= Venezuelan football league system =

Football league system

The Venezuelan football league system is a series of interconnected football leagues for clubs in Venezuela, and is organized by the Venezuelan Football Federation at the national level. The system has promotions and relegations between the different leagues in all different levels which means that even the smallest club can reach to the top level, the Primera División.

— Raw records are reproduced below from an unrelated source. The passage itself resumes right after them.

(* Let $m\geq 1$ be an integer. For all integers $n\geq 1$ and all real $x\in(0,\pi)$, $$\sum_{k=0}^n \binom{n-k+m}{m}\cos\bigl((k+1/2)x\bigr)>\begin{cases}-1/4, & m=1,\\ 0, & m\geq 2,\end{cases}$$ and $$\sum_{k=0}^n \binom{n-k+m}{m}\sin\bigl((k+1/2)x\bigr)>0.$$ All these lower bounds are sharp (the best possible constants valid for all $n\ge 1$, $x\in(0,\pi)$, for each fixed $m$ in the respective case). *)

theory Defs
  imports Complex_Main
begin

end

theory Submission
  imports Defs "HOL-Real_Asymp.Real_Asymp"
begin

text \<open>
  Multiplying by powers of \<open>2 sin (x/2)\<close> makes the sums telescope. This gives closed forms for
  the sine sum of order 0, \<open>(1 - cos ((n+1) x)) / (2 sin (x/2)) \<ge> 0\<close>, and for the cosine sums of
  order 1 and 2:
    \<open>(1 - cos ((n + 3/2) x)) / (4 sin (x/2)^2) - 1 / (4 (1 + cos (x/2)))\<close>  and
    \<open>((n+2) sin x - sin ((n+2) x)) / (8 sin (x/2)^3)\<close>.
  The first exceeds \<open>-1/4\<close>, the second is positive because \<open>|sin (N x)| < N sin x\<close> for \<open>N \<ge> 2\<close>.
  Since the Cesaro sum of order \<open>m + 1\<close> is the partial sum of those of order \<open>m\<close>,
  positivity propagates to all higher orders. For sharpness take \<open>n = 1\<close> and let \<open>x\<close> tend
  to \<open>0\<close> (sine) or to \<open>pi\<close> (cosine); for order 1 let \<open>x\<close> tend to \<open>pi\<close> through points
  where \<open>(n + 3/2) x\<close> is a multiple of \<open>2 pi\<close>.
\<close>

definition cesaro_sum :: "nat \<Rightarrow> nat \<Rightarrow> (nat \<Rightarrow> real) \<Rightarrow> real" where
  "cesaro_sum m n f = (\<Sum>k=0..n. real ((n - k + m) choose m) * f k)"

lemma cesaro_sum_0_right [simp]: "cesaro_sum m 0 f = f 0"
  by (simp add: cesaro_sum_def)

lemma cesaro_sum_1_right: "cesaro_sum m 1 f = real (Suc m) * f 0 + f 1"
  by (simp add: cesaro_sum_def)

lemma cesaro_sum_0_left: "cesaro_sum 0 n f = (\<Sum>k=0..n. f k)"
  by (simp add: cesaro_sum_def)

lemma cesaro_sum_Suc_Suc:
  "cesaro_sum (Suc m) (Suc n) f = cesaro_sum (Suc m) n f + cesaro_sum m (Suc n) f"
proof -
  have "real ((Suc n - k + Suc m) choose Suc m)
          = real ((n - k + Suc m) choose Suc m) + real ((Suc n - k + m) choose m)"
    if "k \<le> n" for k
  proof -
    have "Suc n - k + Suc m = Suc (n - k + Suc m)" "Suc n - k + m = n - k + Suc m"
      using that by simp_all
    then show ?thesis by (simp add: binomial_Suc_Suc)
  qed
  then have "(\<Sum>k=0..n. real ((Suc n - k + Suc m) choose Suc m) * f k)
      = cesaro_sum (Suc m) n f + (\<Sum>k=0..n. real ((Suc n - k + m) choose m) * f k)"
    by (simp add: cesaro_sum_def distrib_right sum.distrib)
  then show ?thesis by (simp add: cesaro_sum_def add_ac)
qed

lemma cesaro_sum_Suc_left: "cesaro_sum (Suc m) n f = (\<Sum>j=0..n. cesaro_sum m j f)"
  by (induction n) (simp_all add: cesaro_sum_Suc_Suc)

lemma cesaro_sum_pos_of_nonneg:
  assumes "\<And>j. 0 \<le> cesaro_sum m j f" and "0 < f 0" and "m < m'"
  shows "0 < cesaro_sum m' n f"
  using assms(3)
proof (induction m' arbitrary: n rule: less_induct)
  case (less m')
  then obtain l where l: "m' = Suc l" "m \<le> l"
    by (cases m') auto
  have "0 \<le> cesaro_sum l j f" for j
    using assms(1) less l by (cases "m = l") (auto intro: less_imp_le)
  moreover have "0 < cesaro_sum l 0 f"
    using assms(2) by simp
  ultimately have "0 < cesaro_sum l 0 f + (\<Sum>j=1..n. cesaro_sum l j f)"
    by (simp add: add_pos_nonneg sum_nonneg)
  then show ?case
    by (simp add: l cesaro_sum_Suc_left sum.atLeast_Suc_atMost)
qed

lemma two_sin_half_times_cos:
  fixes t x :: real
  shows "2 * sin (x/2) * cos ((t + 1/2) * x) = sin ((t + 1) * x) - sin (t * x)"
proof -
  have shift: "(t + 1) * x = (t + 1/2) * x + x/2" "t * x = (t + 1/2) * x - x/2"
    by (simp_all add: algebra_simps)
  show ?thesis
    unfolding shift sin_add sin_diff by (simp add: algebra_simps)
qed

lemma two_sin_half_times_sin:
  fixes t x :: real
  shows "2 * sin (x/2) * sin ((t + 1/2) * x) = cos (t * x) - cos ((t + 1) * x)"
proof -
  have shift: "(t + 1) * x = (t + 1/2) * x + x/2" "t * x = (t + 1/2) * x - x/2"
    by (simp_all add: algebra_simps)
  show ?thesis
    unfolding shift cos_add cos_diff by (simp add: algebra_simps)
qed

lemma cesaro_sum_cos_0:
  "2 * sin (x/2) * cesaro_sum 0 n (\<lambda>k. cos ((real k + 1/2) * x)) = sin ((real n + 1) * x)"
proof -
  have step: "2 * sin (x/2) * cos ((real k + 1/2) * x) = sin (real (Suc k) * x) - sin (real k * x)"
    for k
    using two_sin_half_times_cos[of x "real k"] by (simp add: add_ac)
  have "2 * sin (x/2) * cesaro_sum 0 n (\<lambda>k. cos ((real k + 1/2) * x))
          = (\<Sum>k=0..n. sin (real (Suc k) * x) - sin (real k * x))"
    by (simp only: cesaro_sum_0_left sum_distrib_left step)
  also have "\<dots> = sin (real (Suc n) * x) - sin (real 0 * x)"
    by (rule sum_Suc_diff) simp
  finally show ?thesis
    by (simp add: add_ac)
qed

lemma cesaro_sum_sin_0:
  "2 * sin (x/2) * cesaro_sum 0 n (\<lambda>k. sin ((real k + 1/2) * x)) = 1 - cos ((real n + 1) * x)"
proof -
  have step: "2 * sin (x/2) * sin ((real k + 1/2) * x)
                = - cos (real (Suc k) * x) - - cos (real k * x)" for k
    using two_sin_half_times_sin[of x "real k"] by (simp add: add_ac)
  have "2 * sin (x/2) * cesaro_sum 0 n (\<lambda>k. sin ((real k + 1/2) * x))
          = (\<Sum>k=0..n. - cos (real (Suc k) * x) - - cos (real k * x))"
    by (simp only: cesaro_sum_0_left sum_distrib_left step)
  also have "\<dots> = - cos (real (Suc n) * x) - - cos (real 0 * x)"
    by (rule sum_Suc_diff) simp
  finally show ?thesis
    by (simp add: add_ac)
qed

| Level | Divisions |  |  |  |  |  |
| 1st | Liga FUTVE 14 clubs |  |  |  |  |  |
|  | ↓↑ 1 club |  |  |  |  |  |  |  |  |
| 2nd | Liga FUTVE 2 17 clubs |  |  |  |  |  |
|  | ↓↑ 1 club |  |  |  |  |  |  |  |  |
| 3rd | Liga FUTVE 3 39 clubs + 9 Reserve teams |  |  |  |  |  |

Besides the current professional football league system the FVF also organize formation tournaments in which participates younger squads of professional clubs, amateur clubs and regional football associations. These tournaments are:

- Serie Nacional de Clubes Sub 20

- Serie Nacional de Clubes Sub 17

- Interregional Serie "A" Sub 20

- Interregional Serie "A" Sub 17

- Interregional Serie "B" Sub 20

- Interregional Serie "B" Sub 17

- Interregional de Clubes Sub 15

- Liga Nacional Femenina

- Nacional Femenino Sub 17

- Nacional Masculino Sub 16

- Nacional Masculino Sub 18

==Copa Venezuela==
The Copa Venezuela (Venezuela Cup) is the national cup football competition of Venezuela. Organized by the Venezuelan Football Federation, is it disputed in the first half of the season by the teams in the Primera División, Segunda División and Segunda División B.

Over the years, the competition has had several names. Under its current format, the competition was revived by the FVF in 2007. The champion gets direct access to the Copa Sudamericana.